• [Problem to work on] Which lines below fall between the one containing "unfolding den_def by auto" and the one containing "unfolding defect using"? Repeat them exactly, counting both of those lines, and add nothing else.

• [Provided entries]
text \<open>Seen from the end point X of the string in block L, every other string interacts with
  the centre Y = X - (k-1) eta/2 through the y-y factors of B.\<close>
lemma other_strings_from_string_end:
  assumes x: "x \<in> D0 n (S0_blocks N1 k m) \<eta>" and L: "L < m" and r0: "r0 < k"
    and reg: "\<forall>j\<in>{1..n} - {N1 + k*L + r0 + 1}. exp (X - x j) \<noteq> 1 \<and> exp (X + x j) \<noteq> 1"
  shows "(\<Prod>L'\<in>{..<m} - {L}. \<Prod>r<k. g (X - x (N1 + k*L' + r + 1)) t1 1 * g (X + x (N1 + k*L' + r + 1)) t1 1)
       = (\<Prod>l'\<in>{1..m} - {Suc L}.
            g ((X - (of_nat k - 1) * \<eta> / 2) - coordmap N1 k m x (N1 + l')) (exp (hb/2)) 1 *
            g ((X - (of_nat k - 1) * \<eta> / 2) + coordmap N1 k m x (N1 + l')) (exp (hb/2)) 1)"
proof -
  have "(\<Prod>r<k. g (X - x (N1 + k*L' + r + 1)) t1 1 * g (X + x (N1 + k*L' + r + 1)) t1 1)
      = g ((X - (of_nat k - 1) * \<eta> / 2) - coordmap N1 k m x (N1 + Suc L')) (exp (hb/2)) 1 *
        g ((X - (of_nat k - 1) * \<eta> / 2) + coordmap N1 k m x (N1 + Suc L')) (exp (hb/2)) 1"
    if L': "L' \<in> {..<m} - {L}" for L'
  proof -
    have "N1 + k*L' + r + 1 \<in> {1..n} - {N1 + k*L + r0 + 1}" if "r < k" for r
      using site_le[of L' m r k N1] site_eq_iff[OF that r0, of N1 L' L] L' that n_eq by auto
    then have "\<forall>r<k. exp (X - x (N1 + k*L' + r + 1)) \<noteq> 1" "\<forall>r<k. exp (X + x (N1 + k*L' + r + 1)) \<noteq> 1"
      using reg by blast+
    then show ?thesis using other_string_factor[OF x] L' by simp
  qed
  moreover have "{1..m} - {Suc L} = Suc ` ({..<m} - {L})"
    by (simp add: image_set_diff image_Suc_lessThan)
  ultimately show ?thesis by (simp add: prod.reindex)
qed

---

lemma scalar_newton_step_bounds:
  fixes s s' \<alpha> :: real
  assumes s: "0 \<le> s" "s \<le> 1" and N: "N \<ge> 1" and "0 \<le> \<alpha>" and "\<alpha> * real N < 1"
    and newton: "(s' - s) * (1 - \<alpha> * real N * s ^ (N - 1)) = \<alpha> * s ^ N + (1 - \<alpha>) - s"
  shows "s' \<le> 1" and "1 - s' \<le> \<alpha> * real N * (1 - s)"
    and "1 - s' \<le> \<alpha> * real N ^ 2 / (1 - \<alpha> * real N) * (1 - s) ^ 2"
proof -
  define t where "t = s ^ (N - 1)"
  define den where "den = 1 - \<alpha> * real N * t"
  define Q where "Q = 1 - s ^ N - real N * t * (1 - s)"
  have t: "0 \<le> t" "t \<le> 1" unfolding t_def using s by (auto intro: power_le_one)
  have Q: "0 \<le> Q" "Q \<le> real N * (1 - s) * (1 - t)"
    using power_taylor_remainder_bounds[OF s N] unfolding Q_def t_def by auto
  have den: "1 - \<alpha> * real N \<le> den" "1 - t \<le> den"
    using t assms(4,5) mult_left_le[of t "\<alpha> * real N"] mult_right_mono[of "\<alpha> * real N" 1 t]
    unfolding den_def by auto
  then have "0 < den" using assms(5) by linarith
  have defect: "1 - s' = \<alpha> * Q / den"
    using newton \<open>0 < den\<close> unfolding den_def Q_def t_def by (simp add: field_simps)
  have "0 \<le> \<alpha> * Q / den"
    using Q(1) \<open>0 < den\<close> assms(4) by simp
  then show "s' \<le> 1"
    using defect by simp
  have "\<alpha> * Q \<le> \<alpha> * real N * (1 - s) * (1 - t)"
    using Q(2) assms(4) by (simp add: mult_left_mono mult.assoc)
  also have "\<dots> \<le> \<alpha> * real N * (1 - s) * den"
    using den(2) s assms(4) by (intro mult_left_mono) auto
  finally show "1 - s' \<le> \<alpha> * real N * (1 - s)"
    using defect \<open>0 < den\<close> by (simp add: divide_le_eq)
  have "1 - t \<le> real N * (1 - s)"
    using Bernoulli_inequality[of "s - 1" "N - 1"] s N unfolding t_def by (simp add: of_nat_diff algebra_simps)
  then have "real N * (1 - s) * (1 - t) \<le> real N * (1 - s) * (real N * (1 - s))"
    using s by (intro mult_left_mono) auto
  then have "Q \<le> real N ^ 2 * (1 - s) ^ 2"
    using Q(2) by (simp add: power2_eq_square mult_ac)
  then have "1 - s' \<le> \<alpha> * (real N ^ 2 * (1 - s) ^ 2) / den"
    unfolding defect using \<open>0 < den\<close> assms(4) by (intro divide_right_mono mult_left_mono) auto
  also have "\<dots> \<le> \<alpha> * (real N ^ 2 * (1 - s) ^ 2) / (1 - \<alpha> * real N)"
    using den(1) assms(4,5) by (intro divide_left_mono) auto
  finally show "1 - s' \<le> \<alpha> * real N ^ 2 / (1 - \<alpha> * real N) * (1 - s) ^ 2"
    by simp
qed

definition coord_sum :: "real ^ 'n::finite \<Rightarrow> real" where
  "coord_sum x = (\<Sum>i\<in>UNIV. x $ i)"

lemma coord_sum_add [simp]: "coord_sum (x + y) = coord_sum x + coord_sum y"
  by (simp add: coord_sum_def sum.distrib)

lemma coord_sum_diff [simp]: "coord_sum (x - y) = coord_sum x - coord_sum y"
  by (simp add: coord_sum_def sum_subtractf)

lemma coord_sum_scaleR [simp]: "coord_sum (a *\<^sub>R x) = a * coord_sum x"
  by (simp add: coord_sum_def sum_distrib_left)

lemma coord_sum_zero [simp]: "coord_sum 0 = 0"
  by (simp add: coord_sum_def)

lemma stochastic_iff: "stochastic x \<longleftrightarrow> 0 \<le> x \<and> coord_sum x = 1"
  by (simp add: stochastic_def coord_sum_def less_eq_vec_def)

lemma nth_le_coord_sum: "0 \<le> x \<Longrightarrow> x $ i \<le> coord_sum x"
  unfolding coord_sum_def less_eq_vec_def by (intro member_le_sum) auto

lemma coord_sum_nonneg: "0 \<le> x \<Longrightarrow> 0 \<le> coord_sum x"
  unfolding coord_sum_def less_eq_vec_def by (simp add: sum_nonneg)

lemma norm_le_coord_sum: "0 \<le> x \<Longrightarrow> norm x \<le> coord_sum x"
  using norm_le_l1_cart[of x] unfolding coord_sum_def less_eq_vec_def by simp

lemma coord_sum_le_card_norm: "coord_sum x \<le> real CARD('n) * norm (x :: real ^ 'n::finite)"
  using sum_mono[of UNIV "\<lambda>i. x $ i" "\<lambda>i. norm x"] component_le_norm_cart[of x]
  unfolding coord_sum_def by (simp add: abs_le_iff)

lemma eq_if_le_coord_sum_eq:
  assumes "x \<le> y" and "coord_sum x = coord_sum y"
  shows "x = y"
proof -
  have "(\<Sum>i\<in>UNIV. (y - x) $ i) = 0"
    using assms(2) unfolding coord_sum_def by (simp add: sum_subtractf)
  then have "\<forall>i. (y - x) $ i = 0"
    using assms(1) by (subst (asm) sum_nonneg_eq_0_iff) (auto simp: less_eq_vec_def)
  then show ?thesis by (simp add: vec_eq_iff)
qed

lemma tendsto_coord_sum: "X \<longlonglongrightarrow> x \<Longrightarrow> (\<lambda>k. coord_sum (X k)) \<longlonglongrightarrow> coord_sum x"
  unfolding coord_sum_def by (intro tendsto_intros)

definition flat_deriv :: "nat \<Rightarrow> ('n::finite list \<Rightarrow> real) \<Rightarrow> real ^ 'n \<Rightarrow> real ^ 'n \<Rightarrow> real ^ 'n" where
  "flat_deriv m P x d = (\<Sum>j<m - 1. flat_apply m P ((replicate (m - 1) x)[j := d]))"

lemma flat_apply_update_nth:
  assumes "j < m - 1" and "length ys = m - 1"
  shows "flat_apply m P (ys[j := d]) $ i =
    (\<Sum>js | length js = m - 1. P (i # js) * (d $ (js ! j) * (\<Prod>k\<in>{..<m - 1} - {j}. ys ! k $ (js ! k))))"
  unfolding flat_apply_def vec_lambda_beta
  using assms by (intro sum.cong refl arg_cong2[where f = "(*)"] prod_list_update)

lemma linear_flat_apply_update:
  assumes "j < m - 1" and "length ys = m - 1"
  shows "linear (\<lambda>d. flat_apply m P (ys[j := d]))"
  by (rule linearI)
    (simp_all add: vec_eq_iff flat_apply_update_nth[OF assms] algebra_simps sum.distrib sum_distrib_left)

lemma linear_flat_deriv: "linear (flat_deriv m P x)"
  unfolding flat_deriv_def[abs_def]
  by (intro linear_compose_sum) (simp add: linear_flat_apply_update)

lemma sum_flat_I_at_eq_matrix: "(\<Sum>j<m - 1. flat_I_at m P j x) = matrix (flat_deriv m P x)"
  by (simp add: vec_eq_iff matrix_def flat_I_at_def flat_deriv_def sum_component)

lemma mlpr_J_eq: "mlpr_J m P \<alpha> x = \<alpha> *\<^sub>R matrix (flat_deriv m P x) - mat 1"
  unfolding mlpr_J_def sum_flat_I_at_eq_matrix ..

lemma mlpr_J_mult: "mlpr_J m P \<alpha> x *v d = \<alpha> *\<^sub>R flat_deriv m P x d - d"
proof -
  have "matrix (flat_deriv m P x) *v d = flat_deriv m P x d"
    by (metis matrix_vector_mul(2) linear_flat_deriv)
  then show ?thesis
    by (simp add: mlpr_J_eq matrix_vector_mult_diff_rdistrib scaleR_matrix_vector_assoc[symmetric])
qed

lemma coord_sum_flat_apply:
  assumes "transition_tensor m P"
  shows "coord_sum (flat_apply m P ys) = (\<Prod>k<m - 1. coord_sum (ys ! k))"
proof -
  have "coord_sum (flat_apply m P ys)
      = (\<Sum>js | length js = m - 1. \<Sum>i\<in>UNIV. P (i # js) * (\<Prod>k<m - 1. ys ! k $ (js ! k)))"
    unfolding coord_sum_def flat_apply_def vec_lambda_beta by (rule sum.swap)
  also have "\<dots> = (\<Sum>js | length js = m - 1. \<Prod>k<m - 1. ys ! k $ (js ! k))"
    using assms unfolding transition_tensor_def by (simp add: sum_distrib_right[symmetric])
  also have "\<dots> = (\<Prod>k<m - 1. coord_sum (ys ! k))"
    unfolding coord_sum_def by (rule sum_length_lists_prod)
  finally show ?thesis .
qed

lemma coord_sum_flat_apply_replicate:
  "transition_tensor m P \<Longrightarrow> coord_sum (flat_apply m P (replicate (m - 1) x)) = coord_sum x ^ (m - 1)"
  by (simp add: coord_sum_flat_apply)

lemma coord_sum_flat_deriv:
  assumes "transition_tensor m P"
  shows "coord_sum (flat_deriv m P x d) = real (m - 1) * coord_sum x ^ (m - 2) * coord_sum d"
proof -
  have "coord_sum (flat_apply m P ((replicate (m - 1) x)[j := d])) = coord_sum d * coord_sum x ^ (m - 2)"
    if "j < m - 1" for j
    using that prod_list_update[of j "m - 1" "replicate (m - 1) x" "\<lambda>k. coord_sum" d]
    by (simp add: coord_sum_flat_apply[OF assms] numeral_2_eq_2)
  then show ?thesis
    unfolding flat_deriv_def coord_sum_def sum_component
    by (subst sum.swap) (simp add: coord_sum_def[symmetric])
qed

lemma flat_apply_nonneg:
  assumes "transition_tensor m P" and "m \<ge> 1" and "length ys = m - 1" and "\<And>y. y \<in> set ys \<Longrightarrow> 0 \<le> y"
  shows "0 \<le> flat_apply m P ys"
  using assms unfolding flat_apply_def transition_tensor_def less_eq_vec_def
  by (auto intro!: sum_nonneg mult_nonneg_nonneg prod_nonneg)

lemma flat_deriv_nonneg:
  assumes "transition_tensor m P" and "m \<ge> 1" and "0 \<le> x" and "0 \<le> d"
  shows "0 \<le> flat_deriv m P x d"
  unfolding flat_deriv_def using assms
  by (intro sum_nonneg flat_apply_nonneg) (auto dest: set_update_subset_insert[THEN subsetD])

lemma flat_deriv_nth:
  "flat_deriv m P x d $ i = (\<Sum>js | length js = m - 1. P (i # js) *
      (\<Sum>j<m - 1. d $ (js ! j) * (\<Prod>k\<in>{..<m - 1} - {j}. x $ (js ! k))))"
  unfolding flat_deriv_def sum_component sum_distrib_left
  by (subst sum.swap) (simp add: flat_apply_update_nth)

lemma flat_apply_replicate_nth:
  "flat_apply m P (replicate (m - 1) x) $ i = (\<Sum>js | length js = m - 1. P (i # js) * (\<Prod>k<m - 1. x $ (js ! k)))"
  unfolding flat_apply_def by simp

• [Output below]
    unfolding den_def by auto
  then have "0 < den" using assms(5) by linarith
  have defect: "1 - s' = \<alpha> * Q / den"
    using newton \<open>0 < den\<close> unfolding den_def Q_def t_def by (simp add: field_simps)
  have "0 \<le> \<alpha> * Q / den"
    using Q(1) \<open>0 < den\<close> assms(4) by simp
  then show "s' \<le> 1"
    using defect by simp
  have "\<alpha> * Q \<le> \<alpha> * real N * (1 - s) * (1 - t)"
    using Q(2) assms(4) by (simp add: mult_left_mono mult.assoc)
  also have "\<dots> \<le> \<alpha> * real N * (1 - s) * den"
    using den(2) s assms(4) by (intro mult_left_mono) auto
  finally show "1 - s' \<le> \<alpha> * real N * (1 - s)"
    using defect \<open>0 < den\<close> by (simp add: divide_le_eq)
  have "1 - t \<le> real N * (1 - s)"
    using Bernoulli_inequality[of "s - 1" "N - 1"] s N unfolding t_def by (simp add: of_nat_diff algebra_simps)
  then have "real N * (1 - s) * (1 - t) \<le> real N * (1 - s) * (real N * (1 - s))"
    using s by (intro mult_left_mono) auto
  then have "Q \<le> real N ^ 2 * (1 - s) ^ 2"
    using Q(2) by (simp add: power2_eq_square mult_ac)
  then have "1 - s' \<le> \<alpha> * (real N ^ 2 * (1 - s) ^ 2) / den"
    unfolding defect using \<open>0 < den\<close> assms(4) by (intro divide_right_mono mult_left_mono) auto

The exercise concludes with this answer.